You know that house of many rooms, many familiar, easy, happy to welcome people in, let them look around and then the passageway dark and a hand on the door stopped, no, not that one, you can’t go in there? Those are the rooms I want to open up. There is one that I’m standing outside today and it makes me sick to think of turning the handle. It’s marked sisters.
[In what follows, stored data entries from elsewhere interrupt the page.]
text \<open>Stated multiplicatively, so that it holds trivially for null \<open>A\<close> and is preserved by
  mixtures.\<close>

definition has_cond_prob :: "'a pmf \<Rightarrow> 'a set \<Rightarrow> 'a set \<Rightarrow> real \<Rightarrow> bool" where
  "has_cond_prob p L A c \<longleftrightarrow> measure_pmf.prob p (L \<inter> A) = c * measure_pmf.prob p A"

lemma has_cond_prob_bind:
  assumes "\<And>x. x \<in> set_pmf p \<Longrightarrow> has_cond_prob (f x) L A c"
  shows "has_cond_prob (bind_pmf p f) L A c"
proof -
  have "(\<integral>x. measure_pmf.prob (f x) (L \<inter> A) \<partial>p) = (\<integral>x. c * measure_pmf.prob (f x) A \<partial>p)"
    using assms by (intro integral_cong_AE) (auto simp: AE_measure_pmf_iff has_cond_prob_def)
  then show ?thesis
    by (simp add: has_cond_prob_def measure_bind_pmf)
qed

lemma has_cond_prob_map:
  "has_cond_prob p (f -` L) (f -` A) c \<Longrightarrow> has_cond_prob (map_pmf f p) L A c"
  by (simp add: has_cond_prob_def vimage_Int)

lemma has_cond_prob_null:
  assumes "A \<inter> set_pmf p = {}"
  shows "has_cond_prob p L A c"
proof -
  have "measure_pmf.prob p A = 0" "measure_pmf.prob p (L \<inter> A) = 0"
    using assms by (auto simp: measure_pmf_zero_iff)
  then show ?thesis
    by (simp add: has_cond_prob_def)
qed

lemma has_cond_prob_bind_label:
  assumes "\<And>x l. l \<in> set_pmf (F x) \<Longrightarrow> label l = x \<and> l \<in> A"
  shows "has_cond_prob (bind_pmf Q F) {l. label l = g} A (pmf Q g)"
proof -
  have "measure_pmf.prob (F x) ({l. label l = g} \<inter> A) = indicator {g} x" for x
  proof (cases "x = g")
    case True
    then show ?thesis using assms by (auto simp: measure_pmf.prob_eq_1 AE_measure_pmf_iff)
  next
    case False
    then show ?thesis using assms by (auto simp: measure_pmf_zero_iff)
  qed
  moreover have "measure_pmf.prob (F x) A = 1" for x
    using assms by (auto simp: measure_pmf.prob_eq_1 AE_measure_pmf_iff)
  ultimately show ?thesis
    by (simp add: has_cond_prob_def measure_bind_pmf measure_pmf_single)
qed

lemma cond_prob_sum_fst:
  fixes p :: "('z::finite \<times> 'a) pmf"
  assumes "\<And>z. has_cond_prob p L (A \<inter> {D. fst D = z}) (c z)"
  shows "cond_prob p L A = (\<Sum>z\<in>UNIV. c z * cond_prob p {D. fst D = z} A)"
proof -
  have sum_over_fst: "measure_pmf.prob p X = (\<Sum>z\<in>UNIV. measure_pmf.prob p (X \<inter> {D. fst D = z}))" for X
  proof -
    have "X = (\<Union>z. X \<inter> {D. fst D = z})" by auto
    also have "measure_pmf.prob p \<dots> = (\<Sum>z\<in>UNIV. measure_pmf.prob p (X \<inter> {D. fst D = z}))"
      by (intro measure_pmf.finite_measure_finite_Union) (auto simp: disjoint_family_on_def)
    finally show ?thesis .
  qed
  have "measure_pmf.prob p (L \<inter> A) = (\<Sum>z\<in>UNIV. c z * measure_pmf.prob p (A \<inter> {D. fst D = z}))"
    unfolding sum_over_fst[of "L \<inter> A"] using assms
    by (intro sum.cong) (simp_all add: has_cond_prob_def Int_assoc)
  then show ?thesis
    by (simp add: cond_prob_def sum_divide_distrib Int_commute)
qed

lemma has_cond_prob_mixture_component:
  assumes "has_cond_prob (q z) (Pair z -` L) (Pair z -` A) c"
  shows "has_cond_prob (bind_pmf PZ (\<lambda>z'. map_pmf (Pair z') (q z'))) L (A \<inter> {D. fst D = z}) c"
proof (rule has_cond_prob_bind)
  fix z'
  show "has_cond_prob (map_pmf (Pair z') (q z')) L (A \<inter> {D. fst D = z}) c"
  proof (cases "z' = z")
    case True
    with assms show ?thesis
      by (intro has_cond_prob_map) (simp add: vimage_Int)
  next
    case False
    then show ?thesis
      by (intro has_cond_prob_null) auto
  qed
qed

lemma has_cond_prob_pre_steps_head:
  "has_cond_prob (pre_steps P Ob pis pib z w (Suc n) h s past)
     {l. snd (snd (snd (l ! 0))) = g} {l. fst (snd (l ! 0)) = ob} (pmf (pis z h past ob w) g)"
  unfolding pre_steps.simps
  apply (rule has_cond_prob_bind)
  subgoal for ob'
  proof (cases "ob' = ob")
    case True
    then show ?thesis
      by simp (rule has_cond_prob_bind_label, auto)
  next
    case False
    then show ?thesis
      by (intro has_cond_prob_null) auto
  qed
  done

lemma has_cond_prob_pre_steps_expert_label:
  "k < n \<Longrightarrow> has_cond_prob (pre_steps P Ob pis pib z w n h s past)
     {l. snd (snd (snd (l ! k))) = g}
     {l. take k (map (\<lambda>(s, x, g, gs). (x, g)) l) = pfx \<and> fst (snd (l ! k)) = ob}
     (pmf (pis z (h + k) (past @ pfx) ob w) g)"
proof (induction n arbitrary: k h s past pfx)
  case 0
  then show ?case by simp
next
  case (Suc n)
  show ?case
  proof (cases k)
    case 0
    then show ?thesis
      using has_cond_prob_pre_steps_head[of P Ob pis pib z w n h s past g ob]
      by (cases "pfx = []") (auto intro: has_cond_prob_null)
  next
    case (Suc k')
    then have "k' < n"
      using Suc.prems by simp
    show ?thesis
      unfolding \<open>k = Suc k'\<close> pre_steps.simps
      apply (intro has_cond_prob_bind has_cond_prob_map)
      subgoal for ob' gs g' s'
      proof (cases "\<exists>pfx'. pfx = (ob', g') # pfx'")
        case True
        then obtain pfx' where pfx: "pfx = (ob', g') # pfx'"
          by blast
        from Suc.IH[OF \<open>k' < n\<close>, of "Suc h" s' "past @ [(ob', g')]" pfx'] show ?thesis
          by (simp add: pfx)
      next
        case False
        then show ?thesis by (intro has_cond_prob_null) auto
      qed
      done
  qed
qed

lemma has_cond_prob_pre_episode_expert_label:
  assumes "length past < H"
  shows "has_cond_prob (pre_episode P Ob rho PW pis pib H z)
     {e. snd (snd (snd (snd e ! length past))) = g}
     {e. fst e = w \<and> ep_traj e (Suc (length past)) = (past, ob)}
     (pmf (pis z (Suc (length past)) past ob w) g)"
  unfolding pre_episode_def
  apply (rule has_cond_prob_bind)
  subgoal for w'
  proof (cases "w' = w")
    case True
    note steps = has_cond_prob_pre_steps_expert_label[OF assms, of P Ob pis pib z w 1 _ "[]" g past ob]
    show ?thesis
      unfolding True using steps
      by (intro has_cond_prob_bind has_cond_prob_map) (simp add: ep_traj_def)
  next
    case False
    then show ?thesis
      by (intro has_cond_prob_null) auto
  qed
  done

lemma measure_pmf_Cons_head:
  "measure_pmf.prob (bind_pmf p (\<lambda>x. map_pmf (Cons x) q)) {xs. 0 < length xs \<and> xs ! 0 \<in> B}
   = measure_pmf.prob p B"
proof -
  have "(\<integral>x. measure_pmf.prob q (Cons x -` {xs. 0 < length xs \<and> xs ! 0 \<in> B}) \<partial>p)
      = (\<integral>x. indicator B x \<partial>p)"
    by (intro Bochner_Integration.integral_cong) (auto simp: indicator_def)
  then show ?thesis
    by (simp add: measure_bind_pmf)
qed

lemma has_cond_prob_pre_episodes_nth:
  assumes "has_cond_prob (pre_episode P Ob rho PW pis pib H z) L A c" and "i < n"
  shows "has_cond_prob (pre_episodes P Ob rho PW pis pib H z n)
     {es. es ! i \<in> L} {es. i < length es \<and> (\<forall>j<i. es ! j \<in> C j) \<and> es ! i \<in> A} c"
  using assms(2)
proof (induction i arbitrary: n C)
  case 0
  then obtain m where n: "n = Suc m" by (cases n) auto
  have head_events:
    "{es. 0 < length es \<and> (\<forall>j<0. es ! j \<in> C j) \<and> es ! 0 \<in> A}
      = {es. 0 < length es \<and> es ! 0 \<in> A}"
    "{es. es ! 0 \<in> L} \<inter> {es. 0 < length es \<and> es ! 0 \<in> A}
      = {es. 0 < length es \<and> es ! 0 \<in> L \<inter> A}"
    by auto
  from assms(1) show ?case
    unfolding has_cond_prob_def n pre_episodes.simps head_events measure_pmf_Cons_head .
next
  case (Suc i)
  then obtain m where n: "n = Suc m" and "i < m" by (cases n) auto
  show ?case
    unfolding n pre_episodes.simps
    apply (intro has_cond_prob_bind has_cond_prob_map)
    subgoal for e
    proof (cases "e \<in> C 0")
      case True
      have "Cons e -` {es. Suc i < length es \<and> (\<forall>j<Suc i. es ! j \<in> C j) \<and> es ! Suc i \<in> A}
          = {es. i < length es \<and> (\<forall>j<i. es ! j \<in> C (Suc j)) \<and> es ! i \<in> A}"
        using True by (auto simp: All_less_Suc2)
      with Suc.IH[OF \<open>i < m\<close>, of "\<lambda>j. C (Suc j)"] show ?thesis
        by simp
    next
      case False
      then show ?thesis
        by (intro has_cond_prob_null) auto
    qed
    done
qed

lemma has_cond_prob_expert_label_given_prompt:
  assumes "length hist < Tp" and "length past < H"
  shows "has_cond_prob (pre_episodes P Ob rho PW pis pib H z Tp)
     (Pair z -` {D. expert_label D (length hist) (Suc (length past)) = g})
     (Pair z -` prompt_event H hist w past ob)
     (pmf (pis z (Suc (length past)) past ob w) g)"
  using has_cond_prob_pre_episodes_nth[OF has_cond_prob_pre_episode_expert_label[OF assms(2)] assms(1),
      where C = "\<lambda>j. {e. fst e = fst (hist ! j) \<and> ep_traj e H = snd (hist ! j)}"]
  by (simp add: prompt_event_def expert_label_def vimage_def)

theorem proposition1:
  fixes PZ :: "'z::finite pmf"
    and P :: "'z \<Rightarrow> nat \<Rightarrow> 's \<Rightarrow> 'g \<Rightarrow> 's pmf"
    and Ob :: "'s \<Rightarrow> 'o pmf"
    and rho :: "'s pmf"
    and PW :: "'w pmf"
    and r :: "nat \<Rightarrow> 'o \<Rightarrow> 'w \<Rightarrow> real"
    and pis :: "'z \<Rightarrow> ('o, 'g, 'w) policy"
    and pib :: "('o, 'g, 'w) policy"
    and H Tp :: nat
    and hist :: "('w \<times> (('o \<times> 'g) list \<times> 'o)) list"
    and w :: 'w and past :: "('o \<times> 'g) list" and ob :: 'o
  assumes reward_range: "\<forall>h x v. 0 \<le> r h x v \<and> r h x v \<le> 1"
    and pis_optimal: "\<forall>z. optimal_policy P Ob rho r H z (pis z)"
    and t_le: "length hist < Tp"
    and h_le: "length past < H"
    and prompt_pos: "measure_pmf.prob (pretrain_dist PZ P Ob rho PW pis pib H Tp)
                       (prompt_event H hist w past ob) > 0"
  shows "\<forall>g. LLM (pretrain_dist PZ P Ob rho PW pis pib H Tp) H hist w past ob g =
           (\<Sum>z\<in>UNIV. pmf (pis z (Suc (length past)) past ob w) g *
              posterior (pretrain_dist PZ P Ob rho PW pis pib H Tp) H hist w past ob z)"
proof
  fix g
  have "has_cond_prob (pretrain_dist PZ P Ob rho PW pis pib H Tp)
      {D. expert_label D (length hist) (Suc (length past)) = g}
      (prompt_event H hist w past ob \<inter> {D. fst D = z}) (pmf (pis z (Suc (length past)) past ob w) g)"
    for z
    unfolding pretrain_dist_def
    by (intro has_cond_prob_mixture_component has_cond_prob_expert_label_given_prompt t_le h_le)
  then show "LLM (pretrain_dist PZ P Ob rho PW pis pib H Tp) H hist w past ob g =
      (\<Sum>z\<in>UNIV. pmf (pis z (Suc (length past)) past ob w) g *
         posterior (pretrain_dist PZ P Ob rho PW pis pib H Tp) H hist w past ob z)"
    unfolding LLM_def posterior_def by (rule cond_prob_sum_fst)
qed
end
I have three but there is one who dominates. I am the youngest of all of them but there is one who appeared master to me. Even this, which will not throw her to the lions, which is about my perception, feels betraying, as if she will rise up and curse me though she never did that, she always said she was looking out for me. I was her doll, I trailed after her, she loves me deeply, she held the keys to our father. She was glamourous, beautiful, blonde, popular, funny. I was dependent on her for reading the room, knowing what to say, how to act, do it right. Upsetting her was the worst thing ever, to fall out of favour I would scramble over hot coals to get it back again. She was my world. I looked to her for everything. And then one day I wrote a book about our father, his upbringing, the fight between his mother and her sister and when it came to publishing it my sister said don’t do it. I know why. I understand but it was the first time in our relationship when I held something in my hands more precious than her. And so I published it and she and I didn’t speak for a very long time. It broke something that needed breaking. It was a drawing of breath after decades of holding it. I didn’t die. From this distance I’ve a clearer view of what all that was about, not the fight over the book but the dynamic of our relationship that was. And this post which began in my head about insecurities – that’s what I thought I was going to write about today - it led from an easy sunny room where everyone is welcome down a dark passageway, a hand reaching out to a door, the sight made my throat catch. Because my insecurities which appear fifteen times a day as certainty I’ve upset someone were born and nurtured in that room. The spiderweb line twanged, the vibration tickling the air in the shuttered space where she sits, the fear that I have lost her favour, that I am lost without her. I remind myself twenty times a day as I trace the line that she was a child, too. She was a child.
How beautiful. Two children, doing the best they can for each other.... thank you for sharing
Two places moved me so much in this piece: "I was her doll" and "I didn’t die." I had to pause and take a breath. So good.